Sessions will employ interactive discussion, skills-building exercises, group problem
solving, and goal-setting for social support mobilization and for mutual care-related
supports. Week-by-week, participants will be asked to share with one another challenges and
care barriers they face, life concerns they have, steps taken toward HIV care engagement, and
social connections made since the last session. In these ways, the intervention will help
participants develop and mobilize social capital that can directly support HIV care
engagement and also strengthen psychosocial well-being.
All participants who received the SSM intervention will complete measures eliciting
intervention feedback at the end of the final booster session. In addition, 40% of
participants will be randomly selected for in-depth interviews to provide feedback and
discuss their experience in the intervention and perceptions about how it can be improved.

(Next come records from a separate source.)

(* Let $M < N$ be positive integers. Define $\gamma_{N,M} : (\mathbb{R}^N \setminus \{\mathbf{0}\})^M \to \mathbb{R}^{N\times M}$ as follows: for nonzero $v^{(1)}, \dots, v^{(M)} \in \mathbb{R}^N$ let $U = \begin{bmatrix} v^{(1)}/\|v^{(1)}\|_2 & \cdots & v^{(M)}/\|v^{(M)}\|_2 \end{bmatrix} \in \mathbb{R}^{N\times M}$, let $U_1 \in \mathbb{R}^{M\times M}$ be the submatrix formed by the first $M$ rows of $U$, let $S = \tfrac12 I + \mathrm{striu}(U^\top U)$, and set $$\gamma_{N,M}(v^{(1)}, \dots, v^{(M)}) = \begin{bmatrix} I_M \\ \mathbf{0} \end{bmatrix} - U S^{-1} U_1^\top \in \mathbb{R}^{N\times M},$$ where $\begin{bmatrix} I_M \\ \mathbf{0}\end{bmatrix}\in\mathbb{R}^{N\times M}$ consists of the $M\times M$ identity on top of an $(N-M)\times M$ zero block. Then $S$ is always invertible, $\gamma_{N,M}$ takes values in the Stiefel manifold $\mathrm{St}(N,M)$, and $\gamma_{N,M}$ is surjective onto $\mathrm{St}(N,M)$.
   Context: $\mathrm{St}(N,M) = \{\Omega \in \mathbb{R}^{N\times M} : \Omega^\top \Omega = I_M\}$. For a square matrix $X$, $\mathrm{striu}(X)$ denotes the strictly upper-triangular part of $X$ (all diagonal and below-diagonal entries set to zero). *)

theory Defs
  imports "Jordan_Normal_Form.Matrix"
begin

text \<open>Matrices are Jordan_Normal_Form matrices (dimensions are values).
  An M-tuple of vectors in R^N is a function v :: nat => real vec, of which
  only the entries v 0, ..., v (M-1) are relevant.\<close>

definition stiefel :: "nat \<Rightarrow> nat \<Rightarrow> real mat set" where
  "stiefel N M = {\<Omega> \<in> carrier_mat N M. transpose_mat \<Omega> * \<Omega> = 1\<^sub>m M}"

definition striu :: "real mat \<Rightarrow> real mat" where
  "striu X = mat (dim_row X) (dim_col X) (\<lambda>(i,j). if i < j then X $$ (i,j) else 0)"

definition inv_mat :: "real mat \<Rightarrow> real mat" where
  "inv_mat A = (SOME B. B \<in> carrier_mat (dim_row A) (dim_row A) \<and> inverts_mat A B \<and> inverts_mat B A)"

definition vnorm :: "real vec \<Rightarrow> real" where
  "vnorm x = sqrt (x \<bullet> x)"

definition valid_tuple :: "nat \<Rightarrow> nat \<Rightarrow> (nat \<Rightarrow> real vec) \<Rightarrow> bool" where
  "valid_tuple N M v \<longleftrightarrow> (\<forall>j<M. v j \<in> carrier_vec N \<and> v j \<noteq> 0\<^sub>v N)"

definition Umat :: "nat \<Rightarrow> nat \<Rightarrow> (nat \<Rightarrow> real vec) \<Rightarrow> real mat" where
  "Umat N M v = mat N M (\<lambda>(i,j). (v j $ i) / vnorm (v j))"

definition U1mat :: "nat \<Rightarrow> nat \<Rightarrow> (nat \<Rightarrow> real vec) \<Rightarrow> real mat" where
  "U1mat N M v = mat M M (\<lambda>(i,j). Umat N M v $$ (i,j))"

definition Smat :: "nat \<Rightarrow> nat \<Rightarrow> (nat \<Rightarrow> real vec) \<Rightarrow> real mat" where
  "Smat N M v = (1/2) \<cdot>\<^sub>m 1\<^sub>m M + striu (transpose_mat (Umat N M v) * Umat N M v)"

definition gamma :: "nat \<Rightarrow> nat \<Rightarrow> (nat \<Rightarrow> real vec) \<Rightarrow> real mat" where
  "gamma N M v = (1\<^sub>m M @\<^sub>r 0\<^sub>m (N - M) M)
     - Umat N M v * inv_mat (Smat N M v) * transpose_mat (U1mat N M v)"

end

theory Submission
  imports Defs "Jordan_Normal_Form.Determinant"
begin
theorem lemmaA1:
  fixes N :: "'a::euclidean_space set"
    and fn :: "nat \<Rightarrow> 'a \<Rightarrow> real" and f :: "'a \<Rightarrow> real"
    and F :: "'a \<Rightarrow> real" and G :: "'a \<Rightarrow> 'a" and M :: "'a set"
  assumes "compact N" and "convex N"
    and "\<And>n. convex_on N (fn n)" and "convex_on N f"
    and "\<And>x. legendre (ext_ind N f) x = ereal (F x)"
    and "\<And>x. (F has_derivative (\<lambda>h. inner (G x) h)) (at x)"
    and "continuous_on UNIV G" and "\<And>x. G x \<in> N"
    and "compact M" and "G ` M = N"
    and "(\<lambda>n. SUP y\<in>N. ennreal \<bar>fn n y - f y\<bar>) \<longlonglongrightarrow> 0"
  shows "(\<lambda>n. SUP x. SUP y\<in>subdiff (legendre (ext_ind N (fn n))) x. ennreal (norm (y - G x)))
           \<longlonglongrightarrow> 0"
proof (rule ennreal_tendsto_0I)
  fix \<delta> :: real assume "\<delta> > 0"
  have cG: "continuous_on M G"
    using assms(7) by (rule continuous_on_subset) simp
  obtain e where "e > 0" and near: "\<And>x y. eps_subgrad F e x y \<Longrightarrow> norm (y - G x) < \<delta>"
    using eps_subgrad_near_gradient[OF assms(5,2,6) cG assms(9,10) \<open>\<delta> > 0\<close>] by blast
  have "\<forall>\<^sub>F n in sequentially. (SUP y\<in>N. ennreal \<bar>fn n y - f y\<bar>) < ennreal (e / 2)"
    using order_tendstoD(2)[OF assms(11)] \<open>e > 0\<close> by simp
  then show "\<forall>\<^sub>F n in sequentially.
      (SUP x. SUP y\<in>subdiff (legendre (ext_ind N (fn n))) x. ennreal (norm (y - G x))) \<le> ennreal \<delta>"
  proof eventually_elim
    case (elim n)
    have close: "\<bar>fn n y - f y\<bar> \<le> e / 2" if "y \<in> N" for y
      using SUP_lessD[OF elim that] by (simp add: ennreal_less_iff)
    have "norm (y - G x) < \<delta>" if "y \<in> subdiff (legendre (ext_ind N (fn n))) x" for x y
    proof -
      have "eps_subgrad F (2 * (e / 2)) x y"
        using assms(5) close that by (rule subdiff_legendre_ext_ind_eps_subgrad)
      with near show ?thesis by simp
    qed
    then show ?case
      by (intro SUP_least ennreal_leI less_imp_le)
  qed
qed
lemma upper_semicont_attains_max:
  assumes "upper_semicont u" "compact C" "C \<noteq> {}"
  obtains x where "x \<in> C" "\<And>y. y \<in> C \<Longrightarrow> u y \<le> u x"
proof (rule ccontr)
  assume no_max: "\<not> thesis"
  note is_max = that
  have "\<exists>c\<in>C. u x < u c" if "x \<in> C" for x
    using is_max no_max \<open>x \<in> C\<close> by (meson not_le)
  then have cover: "C \<subseteq> (\<Union>c\<in>C. {x. u x < u c})" by blast
  have "open {x. u x < u c}" for c using assms(1) by (simp add: upper_semicont_def)
  then obtain D where D: "D \<subseteq> C" "finite D" "C \<subseteq> (\<Union>c\<in>D. {x. u x < u c})"
    using compactE_image[OF assms(2) _ cover] by metis
  then have "D \<noteq> {}" using assms(3) by auto
  then have "Max (u ` D) \<in> u ` D" using D(2) by simp
  then obtain d where d: "d \<in> D" "u d = Max (u ` D)" by (metis imageE)
  then have "d \<in> (\<Union>c\<in>D. {x. u x < u c})" using D(1,3) by blast
  then obtain c where "c \<in> D" "u d < u c" by blast
  moreover have "u c \<le> u d" using d D(2) \<open>c \<in> D\<close> by simp
  ultimately show False by simp
qed

lemma FX_nonneg: "u \<in> FX \<Longrightarrow> 0 \<le> u x"
  and FX_le_1: "u \<in> FX \<Longrightarrow> u x \<le> 1"
  and FX_upper_semicont: "u \<in> FX \<Longrightarrow> upper_semicont u"
  by (simp_all add: FX_def)

lemma FX_compact_cut:
  assumes "u \<in> FX" "0 \<le> a"
  shows "compact (cut u a)"
proof (cases "a = 0")
  case True
  then show ?thesis using assms(1) by (simp add: FX_def)
next
  case False
  then have "cut u a = cut u 0 \<inter> {x. a \<le> u x}"
    using cut_subset_cut0[OF assms(2)] assms(2) by (auto simp: cut_superlevel)
  then show ?thesis
    using assms(1) by (simp add: FX_def compact_Int_closed upper_semicont_closed_superlevel)
qed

The interviews will be conducted immediately after the intervention ends so that
participants' memories will be fresh. The interviews will seek feedback on all aspects of the
intervention including its most and least useful format, content and interactive techniques,
and outcomes of social resource mobilization efforts. Interviews will delve into reactions of
others to participants' social resource mobilization efforts. Interviews will be conducted by
experienced in-depth interviewers uninvolved in intervention delivery, will be recorded, and
will be thematically analyzed.
Followup Assessment Procedures. Participants will be followed at points 6 and 12 months after
the final main intervention session with assessments that include all behavioral measures
administered at baseline as well as viral load testing. Followups will also measure how often
in the past month the participant talked with friends about HIV care topics. These questions
will determine whether there were changes over time in care-supportive talk among
participants across the study conditions.